* Try it
Gather, from the data below, each line in which the word "then" occurs.

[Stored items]
· · · · · · ·

text \<open>The failure probability \<open>g T = 1 - survival_prob T 0\<close>
  increases to some limit \<open>l\<close>, and the case \<open>T1 = T2\<close> of supermultiplicativity gives
  \<open>g (2T + 1) \<ge> (1 + g T\<^sup>2) / 2\<close>, hence \<open>l \<ge> (1 + l\<^sup>2) / 2\<close>, i.e. \<open>l = 1\<close>.\<close>
lemma survival_prob_tendsto_0: "(\<lambda>T. survival_prob T 0) \<longlonglongrightarrow> 0"
proof -
  define g where "g T = 1 - survival_prob T 0" for T
  have "incseq g"
    unfolding g_def by (intro incseq_SucI) (simp add: survival_prob_Suc_le)
  moreover have "bdd_above (range g)"
    using survival_prob_bounds by (auto simp: g_def intro!: bdd_aboveI[of _ 1])
  ultimately have lim: "g \<longlonglongrightarrow> (SUP T. g T)"
    by (rule LIMSEQ_incseq_SUP[rotated])
  define l where "l = (SUP T. g T)"
  have "(1 + g T ^ 2) / 2 \<le> l" for T
  proof -
    have "(1 - survival_prob T 0) * (1 - survival_prob T 0) \<le> 1 - survival_prob (T + T) (Suc 0)"
      by (rule survival_prob_supermult)
    then have "(1 + g T ^ 2) / 2 \<le> g (Suc (T + T))"
      by (simp add: g_def power2_eq_square survival_prob.simps(2))
    also have "\<dots> \<le> l"
      unfolding l_def using incseq_le[OF \<open>incseq g\<close> lim] .
    finally show ?thesis .
  qed
  moreover have "(\<lambda>T. (1 + g T ^ 2) / 2) \<longlonglongrightarrow> (1 + l ^ 2) / 2"
    using lim unfolding l_def by (intro tendsto_intros) auto
  ultimately have "(1 + l ^ 2) / 2 \<le> l"
    by (intro LIMSEQ_le_const2) auto
  then have "(l - 1) ^ 2 \<le> 0"
    by (simp add: power2_eq_square algebra_simps)
  then have "l = 1" by simp
  then have "(\<lambda>T. 1 - g T) \<longlonglongrightarrow> 0"
    using lim unfolding l_def by (intro tendsto_eq_intros) auto
  then show ?thesis by (simp add: g_def)
qed

lemma card_never_falls_le:
  fixes f :: "'a \<Rightarrow> dir"
  assumes V: "finite V" and cR: "card {v \<in> V. f v = R} = c" and cL: "card {v \<in> V. f v = L} = c"
  shows "real (card {ws. set ws \<subseteq> V \<and> length ws = T \<and> never_falls x (map f ws)})
    \<le> (2 * real c) ^ T * survival_prob T x"
proof (induction T arbitrary: x)
  case 0
  have "{ws. set ws \<subseteq> V \<and> length ws = 0 \<and> never_falls x (map f ws)} = {[]}" by auto
  then show ?case by simp
next
  case (Suc T)
  define A where "A y = {ws. set ws \<subseteq> V \<and> length ws = T \<and> never_falls y (map f ws)}" for y
  define VR where "VR = {v \<in> V. f v = R}"
  define VL where "VL = {v \<in> V. f v = L \<and> 0 < x}"
  have fin: "finite (A y)" "finite VR" "finite VL" for y
    using V finite_lists_length_eq[OF V, of T]
    by (auto simp: A_def VR_def VL_def elim: finite_subset[rotated])
  have "{ws. set ws \<subseteq> V \<and> length ws = Suc T \<and> never_falls x (map f ws)}
      \<subseteq> case_prod Cons ` (VR \<times> A (Suc x)) \<union> case_prod Cons ` (VL \<times> A (x - 1))"
  proof
    fix ws assume "ws \<in> {ws. set ws \<subseteq> V \<and> length ws = Suc T \<and> never_falls x (map f ws)}"
    then obtain v ws' where "ws = v # ws'" "v \<in> V" "set ws' \<subseteq> V" "length ws' = T"
      "never_falls x (f v # map f ws')"
      by (auto simp: length_Suc_conv)
    then show "ws \<in> case_prod Cons ` (VR \<times> A (Suc x)) \<union> case_prod Cons ` (VL \<times> A (x - 1))"
      by (cases "f v") (auto simp: A_def VR_def VL_def)
  qed
  then have "card {ws. set ws \<subseteq> V \<and> length ws = Suc T \<and> never_falls x (map f ws)}
      \<le> card (case_prod Cons ` (VR \<times> A (Suc x)) \<union> case_prod Cons ` (VL \<times> A (x - 1)))"
    using fin by (intro card_mono) auto
  also have "\<dots> \<le> card (VR \<times> A (Suc x)) + card (VL \<times> A (x - 1))"
    by (intro order_trans[OF card_Un_le] add_mono card_image_le) (use fin in auto)
  finally have "card {ws. set ws \<subseteq> V \<and> length ws = Suc T \<and> never_falls x (map f ws)}
      \<le> card VR * card (A (Suc x)) + card VL * card (A (x - 1))"
    by (simp add: card_cartesian_product)
  moreover have "card VR = c" "card VL = (if 0 < x then c else 0)"
    using cR cL by (auto simp: VR_def VL_def)
  ultimately have "real (card {ws. set ws \<subseteq> V \<and> length ws = Suc T \<and> never_falls x (map f ws)})
      \<le> real c * card (A (Suc x)) + (if 0 < x then real c * card (A (x - 1)) else 0)"
    by (simp split: if_splits flip: of_nat_mult of_nat_add)
  also have "\<dots> \<le> real c * ((2 * real c) ^ T * survival_prob T (Suc x))
      + (if 0 < x then real c * ((2 * real c) ^ T * survival_prob T (x - 1)) else 0)"
    using Suc.IH unfolding A_def by (intro add_mono) (auto intro: mult_left_mono)
  also have "\<dots> = (2 * real c) ^ Suc T * survival_prob (Suc T) x"
    by (simp add: survival_prob.simps(2) field_simps)
  finally show ?case .
qed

· · · · · · ·

* Output of the exercise
    then have "(1 + g T ^ 2) / 2 \<le> g (Suc (T + T))"
  then have "(l - 1) ^ 2 \<le> 0"
  then have "l = 1" by simp
  then have "(\<lambda>T. 1 - g T) \<longlonglongrightarrow> 0"
  then show ?thesis by (simp add: g_def)
  then show ?case by simp
    then obtain v ws' where "ws = v # ws'" "v \<in> V" "set ws' \<subseteq> V" "length ws' = T"
    then show "ws \<in> case_prod Cons ` (VR \<times> A (Suc x)) \<union> case_prod Cons ` (VL \<times> A (x - 1))"
  then have "card {ws. set ws \<subseteq> V \<and> length ws = Suc T \<and> never_falls x (map f ws)}
  moreover have "card VR = c" "card VL = (if 0 < x then c else 0)"
      \<le> real c * card (A (Suc x)) + (if 0 < x then real c * card (A (x - 1)) else 0)"
      + (if 0 < x then real c * ((2 * real c) ^ T * survival_prob T (x - 1)) else 0)"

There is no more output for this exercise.